If a body is extended it experiences a tidal force which causes the bodie to elongate. If this elongation is countered by ìnternal forces, parts of the body will fall differently from a freely falling particle.
If we compare the center of mass of the extended body with a free point-mass (having the same mass as the extended body) when they fall in a strong gravity field (say close but outside a black hole), will they fall identically? For example, when they start falling at the same height, will they arrive at different heights after a fixed time? Will the motion of the COM of the extended body be affected by the motion of the other parts?
 A: Yes, extended objects can follow different trajectories in general relativity due to different shapes or rotations.
Perhaps the most well-known case is that rotating objects near a Kerr black hole follow different trajectories (that can be chaotic).
One can also derive formulas for how the centre of mass moves for small objects (eq 2.23), showing deviations from the expected trajectory due to the quadrupole moment of the mass distribution. Indeed, near a Schwarzschild black hole and without spinning, it is possible to change the "effective mass" determining the trajectory by changing quadrupole moments (indeed, the authors note that this is akin to the changed potential energy due to being an extended object in Newtonian gravity). This can speed up or slow down radial falling (eq. 4.17).

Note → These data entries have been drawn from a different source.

lemma next_cost_le_ratio:
  assumes x: "x \<in> {..<n}" "x \<notin> snd ` set H"
  shows "c (rr_next ord H Fail) \<le> c x / (1 - p x)" and "c (rr_next ord H Succ) \<le> c x / p x"
proof -
  have next_in: "rr_next ord H g < n" for g
    using rr_next_untested x set_ord by blast
  have below_ratios: "c j \<le> c j / (1 - p j) \<and> c j \<le> c j / p j" if "j < n" for j
  proof -
    have "0 \<le> c j" "0 < p j" "p j < 1" using that cost_nonneg prob by auto
    then show ?thesis by (simp add: le_divide_eq mult_left_le)
  qed
  have "c (rr_next ord H Fail) / (1 - p (rr_next ord H Fail)) \<le> c x / (1 - p x)"
    using rr_next_least[of "\<lambda>j. c j / (1 - p j)" ord Fail, OF sorted_fail] x set_ord by blast
  then show "c (rr_next ord H Fail) \<le> c x / (1 - p x)"
    using below_ratios[OF next_in[of Fail]] by linarith
  have "c (rr_next ord H Succ) / p (rr_next ord H Succ) \<le> c x / p x"
    using rr_next_least[of "\<lambda>j. c j / p j" ord Succ, OF sorted_succ] x set_ord by blast
  then show "c (rr_next ord H Succ) \<le> c x / p x"
    using below_ratios[OF next_in[of Succ]] by linarith
qed

lemma rr_Cmax_step_le:
  assumes x: "x \<in> {..<n}" "x \<notin> snd ` set H"
  shows "rr_Cmax c (H @ [step H]) \<le> rr_Cmax c H + 2 * c x"
proof -
  let ?a = "rr_choose c ord tb H"
  have chosen: "rr_C c ?a H + c (rr_next ord H ?a)
      \<le> rr_Cmax c H + min (c x / (1 - p x)) (c x / p x)"
    using rr_choose_value_le[of c ord tb H Fail] rr_choose_value_le[of c ord tb H Succ]
      next_cost_le_ratio[OF x]
    unfolding rr_Cmax_def by (auto simp: min_def)
  have "min (c x / (1 - p x)) (c x / p x) \<le> 2 * c x"
    using x cost_nonneg prob by (intro min_ratio_le_twice) auto
  moreover have "0 \<le> c x" using x cost_nonneg by simp
  ultimately show ?thesis using chosen unfolding rr_Cmax_def by (cases ?a) auto
qed
text \<open>In the main theorem \<open>A\<close> is the Andreadakis filtration and \<open>disjoint\<close> is the
  Johnson condition.\<close>

lemma factors_mem_filtration:
  assumes A_subgroup: "\<And>j. subgroup (A j) G" and A_Suc: "\<And>j. A (Suc j) \<subseteq> A j"
    and A_1: "H \<subseteq> A 1" "K \<subseteq> A 1"
    and disjoint: "\<And>i h k. 1 \<le> i \<Longrightarrow> h \<in> A i \<inter> H \<Longrightarrow> k \<in> A i \<inter> K
      \<Longrightarrow> inv k \<otimes> h \<in> A (Suc i) \<Longrightarrow> h \<in> A (Suc i)"
  shows "1 \<le> j \<Longrightarrow> h \<in> H \<Longrightarrow> k \<in> K \<Longrightarrow> h \<otimes> k \<in> A j \<Longrightarrow> h \<in> A j \<and> k \<in> A j"
proof (induction j arbitrary: h k rule: nat_induct_at_least)
  case base
  then show ?case using A_1 by auto
next
  case (Suc j)
  then have h: "h \<in> H" "h \<in> carrier G" "h \<in> A j" and k: "k \<in> K" "k \<in> carrier G" "k \<in> A j"
    using A_Suc H_carrier K_carrier by blast+
  note A_closed = subgroup.m_closed[OF A_subgroup] subgroup.m_inv_closed[OF A_subgroup]
  \<comment> \<open>Write \<open>hk = k h'\<close> with \<open>h' = k\<inverse>hk\<close>, the form \<open>disjoint\<close> speaks about.\<close>
  let ?h' = "inv k \<otimes> h \<otimes> k"
  have "?h' \<in> H"
    using normalizes[of "inv k" h] h k subgroup.m_inv_closed[OF K_subgroup] by simp
  moreover have "?h' \<in> A j" using h k A_closed by blast
  moreover have "inv k \<in> K" "inv k \<in> A j" using k subgroup.m_inv_closed[OF K_subgroup] A_closed by blast+
  moreover have "inv (inv k) \<otimes> ?h' = h \<otimes> k" using h k by (simp add: group_simps)
  ultimately have "?h' \<in> A (Suc j)" using disjoint[of j ?h' "inv k"] Suc by simp
  moreover have "k = (h \<otimes> k) \<otimes> inv ?h'" and "h = (h \<otimes> k) \<otimes> inv k"
    using h k by (simp_all add: group_simps)
  ultimately show ?case using Suc.prems A_closed by metis
qed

A: If rotation is allowed, they fall slower. During the fall, the conservation of energy reads:
$$   \frac{1}{2} m.V_{cm}^{2}+\frac{1}{2} J. \Omega ^{2}+ m~g~z_{cm} =E_{0}$$
Where:
$\frac{1}{2} m.V_{cm}^{2}$ is the kinetic energy of the center of mass.
$ \frac{1}{2} J. \Omega ^{2}$ is the rotational kinetic energy.
$  m~g~z $ is the gravitational potential energy.
$ E_{0}$ is the initial mechanical energy.
So:
$$V_{cm}(t)  =\sqrt{ \frac{2}{m}  \big(E_{0}-m~g~z_{cm}(t)-\frac{1}{2} J. \Omega ^{2}(t)\big) }$$